The Sound of Your Own Wheels: Finding Peace in the Noise of Bipolar II with the Eagles
- Blake
- Apr 9
- 4 min read

Hey everyone, it's me, and this week I wanted to talk about something that's close to my heart – living with Bipolar II. It's a journey with its own set of highs and lows, and as you are aware, I find my comfort in music. This week we are exploring the intersection of music and mental health by diving into the the Eagles' classic, "Take It Easy."
For those who might not know, Bipolar II is this thing where my mood has these noticeable shifts. I get these periods of feeling really up – energetic, creative, maybe a little too impulsive sometimes (that's the hypomania part). Then, there are the stretches of feeling really down, like a heavy weight I can't shake (that's the depression). It's not always dramatic, but it's definitely there, coloring how I see and interact with the world. It's crept into every facet of my life -- school, work, family. It affects my relationships, my sense of self, and colors so much of what I do. It's taken a long time to get to this point, one of the many reasons I am interested in sharing my journey.
As I listen to "Take It Easy" some of the lyrics really hit me in a way that applies to this challenging disorder. Let's look at that first verse:
"Well, I'm a-runnin' down the road tryna loosen my load / I've got seven women on my mind / Four that wanna own me, two that wanna stone me / One says she's a friend of mine"
Honestly, that "runnin' down the road tryna loosen my load" feels so familiar. Sometimes, when I'm in that hypomanic phase, my mind races. Ideas pop up constantly, I'm juggling a million thoughts, and it can feel like I'm trying to outrun something – maybe my own energy? And yeah, the "seven women on my mind" might not be literal, but it captures that feeling of being pulled in so many directions, so many things demanding my attention. It can get overwhelming, like my own brain is trying to drive me crazy.
That's where the chorus comes in, and it's become a bit of a personal mantra:
"Take it easy, take it easy / Don't let the sound of your own wheels drive you crazy / Lighten up while you still can / Don't even try to understand / Just find a place to make your stand / Take it easy"
"Don't let the sound of your own wheels drive you crazy." That line hits hard. When my thoughts are racing, when I'm feeling restless and wired, it's so easy to get caught up in the internal noise. It's like my brain has its own soundtrack, and sometimes it's way too loud and chaotic. This part of the song reminds me that it's okay to try and dial it down, to not get swept away by every single thought or impulse.
"Lighten up while you still can." This feels like a gentle nudge to appreciate the moments when things feel a bit more manageable. Bipolar II can be unpredictable, so when there's a chance to breathe, to find a little lightness, I'm learning to grab onto it. Enjoy those moments of clarity and peace as they can feel fleeting.
"Don't even try to understand / Just find a place to make your stand." This one has been a game-changer for me.

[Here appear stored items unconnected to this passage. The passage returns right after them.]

text \<open>One extra step of the walk is the same as advancing the time parameter by \<open>1/\<gamma>(n)\<close>:
  \<open>\<lfloor>\<gamma>(n) t\<rfloor> + 1 = \<lfloor>\<gamma>(n) (t + 1/\<gamma>(n))\<rfloor>\<close>. Since \<open>1/\<gamma>(n) \<rightarrow> 0\<close>, the shifted probabilities
  still converge uniformly provided the limit \<open>t \<mapsto> \<integral>\<^bsub>B(x,r)\<^esub> q\<^sub>t d\<nu>\<close> is uniformly continuous on
  the slightly larger interval \<open>[a, b+1]\<close>; this follows from the uniform continuity of \<open>q\<close> on the
  compact set \<open>[a, b+1] \<times> (F \<inter> closed ball)\<close>, the ball having finite \<open>\<nu>\<close>-measure.\<close>

lemma nat_floor_mult_add_inverse:
  fixes c t :: real
  assumes "c > 0" "t \<ge> 0"
  shows "nat \<lfloor>c * (t + inverse c)\<rfloor> = nat \<lfloor>c * t\<rfloor> + 1"
proof -
  have "c * (t + inverse c) = c * t + 1"
    using assms(1) by (simp add: algebra_simps)
  then show ?thesis
    using assms by (simp add: nat_add_distrib)
qed

lemma uniform_limit_on_Times_singleton:
  assumes "uniform_limit S (\<lambda>n t. f n (t, i)) (\<lambda>t. g (t, i)) F"
  shows "uniform_limit (S \<times> {i}) f g F"
proof -
  have "uniform_limit (S \<times> {i}) (\<lambda>n p. f n (fst p, i)) (\<lambda>p. g (fst p, i)) F"
    by (rule uniform_limit_compose'[OF assms]) auto
  then show ?thesis
    by (rule iffD1[OF uniform_limit_cong', rotated -1]) auto
qed

lemma uniform_limit_compose_uniform_limit_id:
  fixes f :: "'i \<Rightarrow> 'a::metric_space \<Rightarrow> 'b::metric_space"
  assumes lim: "uniform_limit T f g F"
    and cont: "uniformly_continuous_on T g"
    and s_lim: "uniform_limit S s (\<lambda>t. t) F"
    and s_into: "\<forall>\<^sub>F n in F. s n ` S \<subseteq> T"
    and "S \<subseteq> T"
  shows "uniform_limit S (\<lambda>n t. f n (s n t)) g F"
proof (rule uniform_limitI)
  fix e :: real
  assume "e > 0"
  have g_s_lim: "uniform_limit S (\<lambda>n t. g (s n t)) (g \<circ> (\<lambda>t. t)) F"
    using \<open>S \<subseteq> T\<close> by (intro uniform_limit_compose[OF s_lim cont s_into]) auto
  have "e/2 > 0"
    using \<open>e > 0\<close> by simp
  show "\<forall>\<^sub>F n in F. \<forall>t\<in>S. dist (f n (s n t)) (g t) < e"
    using uniform_limitD[OF lim \<open>e/2 > 0\<close>] uniform_limitD[OF g_s_lim \<open>e/2 > 0\<close>] s_into
  proof eventually_elim
    case (elim n)
    show ?case
    proof
      fix t assume "t \<in> S"
      then have "dist (f n (s n t)) (g (s n t)) < e/2" "dist (g (s n t)) (g t) < e/2"
        using elim by auto
      then show "dist (f n (s n t)) (g t) < e"
        using dist_triangle[of "f n (s n t)" "g t" "g (s n t)"] by linarith
    qed
  qed
qed

lemma uniform_limit_floor_time_Suc:
  fixes P :: "'i \<Rightarrow> nat \<Rightarrow> 'b::metric_space" and \<gamma> :: "'i \<Rightarrow> real"
  assumes lim: "uniform_limit {a..b+1} (\<lambda>n t. P n (nat \<lfloor>\<gamma> n * t\<rfloor>)) g F"
    and cont: "uniformly_continuous_on {a..b+1} g"
    and \<gamma>_lim: "filterlim \<gamma> at_top F" and "0 \<le> a"
  shows "uniform_limit {a..b} (\<lambda>n t. P n (nat \<lfloor>\<gamma> n * t\<rfloor> + 1)) g F"
proof -
  have "uniform_limit {a..b} (\<lambda>n t. t + inverse (\<gamma> n)) (\<lambda>t. t) F"
  proof (rule uniform_limitI)
    fix e :: real assume "e > 0"
    with tendsto_inverse_0_at_top[OF \<gamma>_lim] have "\<forall>\<^sub>F n in F. \<bar>inverse (\<gamma> n)\<bar> < e"
      by (auto simp: tendsto_iff dist_real_def)
    then show "\<forall>\<^sub>F n in F. \<forall>t\<in>{a..b}. dist (t + inverse (\<gamma> n)) t < e"
      by eventually_elim (simp add: dist_real_def)
  qed
  moreover have "\<forall>\<^sub>F n in F. (\<lambda>t. t + inverse (\<gamma> n)) ` {a..b} \<subseteq> {a..b+1}"
    using \<gamma>_lim unfolding filterlim_at_top
    by (rule allE[of _ 1]) (auto elim!: eventually_mono simp: inverse_le_1_iff)
  ultimately have shifted:
      "uniform_limit {a..b} (\<lambda>n t. P n (nat \<lfloor>\<gamma> n * (t + inverse (\<gamma> n))\<rfloor>)) g F"
    by (intro uniform_limit_compose_uniform_limit_id[OF lim cont]) auto
  have "\<forall>\<^sub>F n in F. \<forall>t\<in>{a..b}.
      P n (nat \<lfloor>\<gamma> n * (t + inverse (\<gamma> n))\<rfloor>) = P n (nat \<lfloor>\<gamma> n * t\<rfloor> + 1)"
    using \<gamma>_lim unfolding filterlim_at_top_dense
    by (rule allE[of _ 0]) (use \<open>0 \<le> a\<close> in \<open>auto elim!: eventually_mono simp: nat_floor_mult_add_inverse\<close>)
  from uniform_limit_cong[OF this refl] shifted show ?thesis
    by blast
qed

lemma set_integrable_continuous_on_compact:
  fixes f :: "'a::metric_space \<Rightarrow> real"
  assumes "sets M = sets borel" "compact K" "continuous_on K f"
    and "B \<subseteq> K" "B \<in> sets M" "emeasure M B < \<infinity>"
  shows "set_integrable M B f"
proof -
  obtain C where C: "\<And>y. y \<in> K \<Longrightarrow> \<bar>f y\<bar> \<le> C"
    using compact_imp_bounded[OF compact_continuous_image[OF assms(3,2)]]
    by (metis bounded_iff imageI real_norm_def)
  have "(\<lambda>y. indicator B y *\<^sub>R f y) \<in> borel_measurable borel"
    using assms by (intro borel_measurable_continuous_on_indicator continuous_on_subset[OF assms(3,4)]) auto
  then have meas: "(\<lambda>y. indicator B y *\<^sub>R f y) \<in> borel_measurable M"
    by (simp add: measurable_cong_sets[OF assms(1) refl])
  show ?thesis
    unfolding set_integrable_def
  proof (rule integrableI_bounded_set[where A = B and B = C])
    show "AE y in M. y \<in> B \<longrightarrow> norm (indicator B y *\<^sub>R f y) \<le> C"
      using C \<open>B \<subseteq> K\<close> by (intro AE_I2) auto
  qed (use assms meas in auto)
qed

In the past, I'd get so frustrated trying to analyze every mood shift, every surge of energy or dip in motivation. It felt like trying to catch smoke. Now, I'm learning to accept that sometimes, it just is. Finding a "place to make my stand" means setting boundaries, practicing self-care, and knowing my limits. It's about creating a little anchor in the midst of the shifting tides.
Then there's this verse:
"Well, I'm a-standin' on a corner in Winslow, Arizona / Such a fine sight to see / It's a girl, my Lord, in a flatbed Ford / Slowin' down to take a look at me / Come on, baby, don't say maybe / I gotta know if your sweet love is gonna save me"
I can relate to that feeling of seeking something external to pull me out of a mood. Maybe during a low, I'm hoping for a connection, a spark, anything to lift me. Or during a high, there's that impulsive desire for something new, something exciting. The line "We may lose and we may win / Though we will never be here again" reminds me of the intensity of those moments and the importance of being present, even if the feeling is fleeting.
Later in the song, there's this:
"Got a world of trouble on my mind / Lookin' for a lover who won't blow my cover / She's so hard to find"
This resonates with the vulnerability of living with Bipolar II. Sometimes, I worry about how others perceive my mood swings. Will they understand? Will they judge? Finding someone who accepts all parts of me, the highs and the lows, can feel like a real quest. I was very lucky to find a very tolerant and accepting wife. I hope others are as fortuate.
Ultimately, the repeated message of "Take it easy" feels like a gentle reminder that I need to be kinder to myself. It's not about ignoring the realities of Bipolar II, but about finding ways to navigate it with more self-compassion and a slower pace. It's about acknowledging the internal "wheels" without letting them drive me completely off course.
Living with Bipolar II is a journey, and it's not always easy. But maybe, just maybe, by taking a page out of this classic song, we can all find a little more peace and a way to "take it easy" on ourselves, one day at a time.
What are your thoughts? Does this song resonate with your experiences with Bipolar II? I'd love to hear from you in the comments. After all, we're all in this together. Please take care of yourselves and each other.